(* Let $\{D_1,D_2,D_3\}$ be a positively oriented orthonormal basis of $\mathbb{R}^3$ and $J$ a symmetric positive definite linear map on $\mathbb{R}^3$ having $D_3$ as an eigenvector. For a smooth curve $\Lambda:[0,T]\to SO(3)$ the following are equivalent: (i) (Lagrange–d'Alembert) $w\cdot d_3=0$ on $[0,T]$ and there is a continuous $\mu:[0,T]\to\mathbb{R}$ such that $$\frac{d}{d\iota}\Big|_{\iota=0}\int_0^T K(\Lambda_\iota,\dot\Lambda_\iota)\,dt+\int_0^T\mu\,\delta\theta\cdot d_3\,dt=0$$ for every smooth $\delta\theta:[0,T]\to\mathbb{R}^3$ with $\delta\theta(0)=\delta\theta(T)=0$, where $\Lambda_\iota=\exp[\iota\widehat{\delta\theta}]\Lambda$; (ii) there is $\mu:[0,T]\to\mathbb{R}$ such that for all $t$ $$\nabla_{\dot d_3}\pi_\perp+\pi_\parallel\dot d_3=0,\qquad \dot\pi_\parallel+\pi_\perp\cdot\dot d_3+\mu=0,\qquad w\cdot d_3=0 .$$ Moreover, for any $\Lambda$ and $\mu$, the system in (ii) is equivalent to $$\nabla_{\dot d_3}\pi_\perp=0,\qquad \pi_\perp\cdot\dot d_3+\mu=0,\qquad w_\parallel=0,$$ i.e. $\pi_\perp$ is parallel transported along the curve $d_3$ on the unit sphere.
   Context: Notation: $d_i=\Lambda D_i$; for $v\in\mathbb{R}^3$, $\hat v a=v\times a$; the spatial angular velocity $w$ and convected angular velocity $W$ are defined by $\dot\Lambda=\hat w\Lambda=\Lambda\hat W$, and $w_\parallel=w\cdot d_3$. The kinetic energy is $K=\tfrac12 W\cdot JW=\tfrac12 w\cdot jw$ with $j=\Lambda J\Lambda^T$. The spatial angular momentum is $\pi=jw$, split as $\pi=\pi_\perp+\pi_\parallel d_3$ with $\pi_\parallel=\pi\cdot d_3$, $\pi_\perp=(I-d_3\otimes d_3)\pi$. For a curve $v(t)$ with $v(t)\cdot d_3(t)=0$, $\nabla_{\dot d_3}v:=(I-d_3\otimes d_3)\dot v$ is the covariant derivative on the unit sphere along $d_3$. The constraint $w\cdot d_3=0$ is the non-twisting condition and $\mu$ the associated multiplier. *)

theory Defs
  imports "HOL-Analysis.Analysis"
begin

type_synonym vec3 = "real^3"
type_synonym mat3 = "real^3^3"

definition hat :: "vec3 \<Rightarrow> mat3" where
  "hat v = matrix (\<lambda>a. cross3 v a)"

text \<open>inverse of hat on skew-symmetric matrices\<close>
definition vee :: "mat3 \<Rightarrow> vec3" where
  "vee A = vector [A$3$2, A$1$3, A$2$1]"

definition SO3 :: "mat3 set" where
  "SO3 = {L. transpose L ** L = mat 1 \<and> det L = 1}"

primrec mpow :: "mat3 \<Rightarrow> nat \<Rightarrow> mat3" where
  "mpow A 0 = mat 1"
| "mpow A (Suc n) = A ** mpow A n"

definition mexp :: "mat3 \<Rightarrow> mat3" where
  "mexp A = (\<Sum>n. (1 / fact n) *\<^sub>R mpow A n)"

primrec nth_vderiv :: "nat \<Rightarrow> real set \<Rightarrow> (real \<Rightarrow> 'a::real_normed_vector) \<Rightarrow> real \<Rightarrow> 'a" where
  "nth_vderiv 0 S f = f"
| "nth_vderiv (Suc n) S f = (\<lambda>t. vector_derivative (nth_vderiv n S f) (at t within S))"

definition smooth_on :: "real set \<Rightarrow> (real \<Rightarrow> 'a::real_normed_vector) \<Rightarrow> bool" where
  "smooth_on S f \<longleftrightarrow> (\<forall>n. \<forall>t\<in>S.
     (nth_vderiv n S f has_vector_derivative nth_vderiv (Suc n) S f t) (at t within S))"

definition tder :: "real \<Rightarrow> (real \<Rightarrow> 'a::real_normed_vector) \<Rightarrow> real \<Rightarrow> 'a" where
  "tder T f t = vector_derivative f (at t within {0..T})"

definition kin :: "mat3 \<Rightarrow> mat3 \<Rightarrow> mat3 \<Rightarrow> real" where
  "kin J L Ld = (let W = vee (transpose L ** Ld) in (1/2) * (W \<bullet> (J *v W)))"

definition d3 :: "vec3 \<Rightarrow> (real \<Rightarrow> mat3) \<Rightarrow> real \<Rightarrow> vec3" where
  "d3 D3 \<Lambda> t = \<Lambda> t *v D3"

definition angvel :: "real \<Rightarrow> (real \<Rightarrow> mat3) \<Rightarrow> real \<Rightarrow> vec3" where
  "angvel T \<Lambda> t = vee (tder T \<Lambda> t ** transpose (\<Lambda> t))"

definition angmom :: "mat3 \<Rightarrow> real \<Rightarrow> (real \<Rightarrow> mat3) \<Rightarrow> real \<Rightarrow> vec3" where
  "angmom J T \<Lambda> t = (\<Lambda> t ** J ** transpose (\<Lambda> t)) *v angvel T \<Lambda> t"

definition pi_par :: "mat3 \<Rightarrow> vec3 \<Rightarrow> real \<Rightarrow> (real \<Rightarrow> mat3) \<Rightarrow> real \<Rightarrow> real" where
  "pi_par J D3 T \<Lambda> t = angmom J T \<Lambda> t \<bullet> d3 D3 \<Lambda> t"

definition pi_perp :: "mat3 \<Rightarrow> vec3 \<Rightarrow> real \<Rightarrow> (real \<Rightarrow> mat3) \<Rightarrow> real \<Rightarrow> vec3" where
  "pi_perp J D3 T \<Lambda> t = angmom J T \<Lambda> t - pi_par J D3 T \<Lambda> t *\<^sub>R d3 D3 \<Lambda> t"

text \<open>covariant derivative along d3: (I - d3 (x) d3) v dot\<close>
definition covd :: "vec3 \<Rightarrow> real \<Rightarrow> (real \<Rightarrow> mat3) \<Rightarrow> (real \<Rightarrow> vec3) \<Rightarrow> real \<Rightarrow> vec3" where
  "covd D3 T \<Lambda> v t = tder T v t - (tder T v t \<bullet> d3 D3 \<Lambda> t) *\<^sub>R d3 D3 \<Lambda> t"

* * *

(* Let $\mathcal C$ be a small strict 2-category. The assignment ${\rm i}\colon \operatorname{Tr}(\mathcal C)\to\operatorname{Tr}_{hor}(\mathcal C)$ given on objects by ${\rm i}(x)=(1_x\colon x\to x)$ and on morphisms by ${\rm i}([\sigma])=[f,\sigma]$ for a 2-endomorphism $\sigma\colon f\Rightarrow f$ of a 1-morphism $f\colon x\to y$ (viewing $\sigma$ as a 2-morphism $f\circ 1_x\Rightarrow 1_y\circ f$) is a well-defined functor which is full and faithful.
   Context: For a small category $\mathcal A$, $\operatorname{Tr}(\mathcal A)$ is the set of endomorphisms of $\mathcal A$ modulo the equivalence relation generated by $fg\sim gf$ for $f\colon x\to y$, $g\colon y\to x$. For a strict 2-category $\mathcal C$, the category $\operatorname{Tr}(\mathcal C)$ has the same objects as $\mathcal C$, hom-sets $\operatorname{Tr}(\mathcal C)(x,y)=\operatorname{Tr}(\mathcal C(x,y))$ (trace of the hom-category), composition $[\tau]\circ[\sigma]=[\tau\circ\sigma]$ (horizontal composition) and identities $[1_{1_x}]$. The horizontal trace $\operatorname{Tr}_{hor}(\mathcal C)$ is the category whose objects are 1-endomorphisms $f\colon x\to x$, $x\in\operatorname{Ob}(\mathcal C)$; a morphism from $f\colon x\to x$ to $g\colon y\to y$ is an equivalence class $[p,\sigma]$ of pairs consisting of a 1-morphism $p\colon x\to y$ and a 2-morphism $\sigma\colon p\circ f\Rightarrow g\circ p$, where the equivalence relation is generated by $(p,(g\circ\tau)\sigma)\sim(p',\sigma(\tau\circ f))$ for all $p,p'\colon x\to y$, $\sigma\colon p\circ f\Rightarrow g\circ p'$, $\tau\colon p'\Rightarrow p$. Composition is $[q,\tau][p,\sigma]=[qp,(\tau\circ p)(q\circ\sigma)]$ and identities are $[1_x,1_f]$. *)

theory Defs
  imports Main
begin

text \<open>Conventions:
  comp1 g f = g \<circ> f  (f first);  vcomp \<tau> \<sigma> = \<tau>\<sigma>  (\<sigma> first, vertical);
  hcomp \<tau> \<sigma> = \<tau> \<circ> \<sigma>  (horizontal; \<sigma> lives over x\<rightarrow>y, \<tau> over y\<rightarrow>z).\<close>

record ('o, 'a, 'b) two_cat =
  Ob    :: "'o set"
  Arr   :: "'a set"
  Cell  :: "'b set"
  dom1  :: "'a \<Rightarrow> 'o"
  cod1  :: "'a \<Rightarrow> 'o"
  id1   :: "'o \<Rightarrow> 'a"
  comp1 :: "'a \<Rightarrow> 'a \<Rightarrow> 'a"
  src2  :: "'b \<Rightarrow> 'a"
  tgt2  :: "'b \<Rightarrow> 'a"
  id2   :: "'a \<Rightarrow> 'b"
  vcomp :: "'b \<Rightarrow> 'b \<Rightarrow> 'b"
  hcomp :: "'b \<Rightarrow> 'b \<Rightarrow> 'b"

## What the task requires
Search the material above for lines containing the string "bullet", then pull them out.

## Solution
  "kin J L Ld = (let W = vee (transpose L ** Ld) in (1/2) * (W \<bullet> (J *v W)))"
  "pi_par J D3 T \<Lambda> t = angmom J T \<Lambda> t \<bullet> d3 D3 \<Lambda> t"
  "covd D3 T \<Lambda> v t = tder T v t - (tder T v t \<bullet> d3 D3 \<Lambda> t) *\<^sub>R d3 D3 \<Lambda> t"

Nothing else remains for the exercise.